La Venezuela de hoy es un lugar
tan triste y agrego peligroso, que ya ni desde lejos se le parece al del
recuerdo aquel país del cual habría que pedir segundas opiniones. Es increíble
observar que a veces pareciera que vamos en un vagón al matadero y haciéndonos
los locos
Triste este país desvencijado el
mío al que han convertido en una ranchería destartalada y lúgubre.
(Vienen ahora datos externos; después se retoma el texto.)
lemma (in finite_measure_subalgebra) real_cond_exp_mult_indicator_factor:
  fixes X :: "'a \<Rightarrow> real"
  assumes X[measurable]: "X \<in> borel_measurable M" and iX: "integrable M X"
    and E[measurable]: "E \<in> sets M"
    and indep: "\<And>a. a \<in> sets borel \<Longrightarrow> AE x in M.
        real_cond_exp M F (indicator (X -` a \<inter> space M \<inter> E)) x
        = real_cond_exp M F (indicator (X -` a \<inter> space M)) x * real_cond_exp M F (indicator E) x"
  shows "AE x in M. real_cond_exp M F (\<lambda>x. X x * indicator E x) x
          = real_cond_exp M F X x * real_cond_exp M F (indicator E) x"
proof -
  define c where "c = real_cond_exp M F (indicator E)"
  have cF[measurable]: "c \<in> borel_measurable F" unfolding c_def by simp
  have cM[measurable]: "c \<in> borel_measurable M" unfolding c_def by simp
  have c_bound: "AE x in M. \<bar>c x\<bar> \<le> 1"
    using real_cond_exp_indicator_bounds[OF E] unfolding c_def by eventually_elim auto
  show ?thesis
    unfolding c_def[symmetric]
  proof (rule real_cond_exp_charact)
    fix A assume AF: "A \<in> sets F"
    have AcF[measurable]: "(\<lambda>x. indicator A x * c x) \<in> borel_measurable F" using AF by measurable
    have "A \<in> sets M" using AF subalg by (auto simp: subalgebra_def)
    then have "integrable M (\<lambda>x. (indicator A x * c x) * X x)"
      by (intro integrable_mult_bounded[OF iX, where B=1])
         (use c_bound in \<open>auto simp: indicator_def elim!: eventually_mono\<close>)
    from real_cond_exp_intg(2)[OF this AcF X]
    have "(\<integral>x\<in>A. real_cond_exp M F X x * c x \<partial>M) = (\<integral>x. (indicator A x * c x) * X x \<partial>M)"
      by (simp add: set_lebesgue_integral_def mult_ac)
    with integral_indicator_mult_factor[OF X iX E AF indep]
    show "(\<integral>x\<in>A. X x * indicator E x \<partial>M) = (\<integral>x\<in>A. real_cond_exp M F X x * c x \<partial>M)"
      by (simp add: set_lebesgue_integral_def mult_ac c_def)
  next
    show "integrable M (\<lambda>x. X x * indicator E x)"
      using integrable_real_mult_indicator[OF E iX] .
    show "integrable M (\<lambda>x. real_cond_exp M F X x * c x)"
      using integrable_mult_bounded[OF real_cond_exp_int(1)[OF iX] cM c_bound] by (simp add: mult.commute)
  qed measurable
qed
No he
encontrado antónimo suficiente para “milagro”, pero en estos días de loas a la
invasión y al anti imperialismo, por lo que electoralmente pudieran tener de
prósperas esas trincheras trasnochadas al acorralado gobierno, escuché
avergonzado decir a un ciudadano en una interminable cola trashumante en busca
de jabón, que se trataba de una “venezolanada” eso de convertir al abono en estiércol.
Y que Venezuela sea un país rico
mientras crece como la verdolaga la pobreza, del espíritu incluido, es una
mentira catedral, a pesar de que el régimen cacaree fanfarrón, para darse un
tupé que lo descubre, en un exceso más con el que quiere cubrir su dictadora
desnudez, que somos (sic) la nación con mayores reservas petrolíferas probadas
del universo entero. ¿Y qué? Como si eso nos hiciera imprescindibles, poderosos
o prósperos. Verborrea, desplante, buche y pluma no más.
La Venezuela de hoy es un lugar
tan triste y agrego peligroso, que ya ni desde lejos se le parece al del
recuerdo aquel y vago del hasta ayer no más, que habría que pedir segundas
opiniones, porque de una enfermedad terminal se trata este abandono.
Porque una nación supongo, es un
conjunto de prismas enaltecidos en un sentimiento en el que se multiplican en
el tiempo, enfoques y diferencias, riquezas y necesidades. Eso fuimos o al
menos lo creíamos. Ya no. Ahora lo de moda es la calcomanía de la lucha de
clases.
Y agrego a esta penuria la
secuestrada geografía que alejada y
esquiva, se oculta por que ya no somos
libres para explorarla. Hoy andan las montañas, los ríos, las llanuras, las
calles, cada vez más turbios, yermos, expropiados.
Exfoliados por la ambición del
poder eunuco que no provoca sino corrupción,
que no siembra sino tempestades,
que no levanta ni polvo, que no
produce sino desasosiego, que llena su vacío regalando a raudales neveras y
peroles.
Y añado además naturaleza, que es
geografía humanizada, donde todo es cada día más jungla, más espacio adueñado
de ponzoña, minado por bandas del invisible miedo que se ensañan a la vista de
todos, esgrimiendo el coleto rojo de su impunidad acolitada y permisada desde
las altas cumbres. Ya pocos la visitan de lo envenenada que la mantienen, ni
tampoco se atreven los expedicionarios, ¡qué cuentos de Humboldt y Bonpland!
Todos andamos huyendo o rebotando
y escondiéndonos de una realidad agresiva más profunda que la que se expresa en
la estadística semanal de cadáveres y otros parientes, tantos que ya no
asustan. ¿Nacerán alguna vez de nuestra indolencia a buscar los culpables?
A todas éstas, la crianza de
mascotas debe estar muy en boga, pero no vaya usted a creer que como forma de
sensibilidad o civilización, sino como escape de la soledad, del cobarde que
somos, de la desconfianza, desencantados con nosotros mismos.
Aquí parece ya verdad, que a
mayor ingreso petrolero aumenta el índice de corrupción, de arbitrariedad y de
sumisión ciudadana. A mayor obsesión de consumo, somos más huérfanos mentales,
más dependientes, menesterosos y
pedigüeños, mayor el número de pasajeros en tránsito del minero que
somos y que necesitan de una tournée por un exilio dorado, o así nos lo
creemos, para no volver más, para no regresar a nuestras fauces.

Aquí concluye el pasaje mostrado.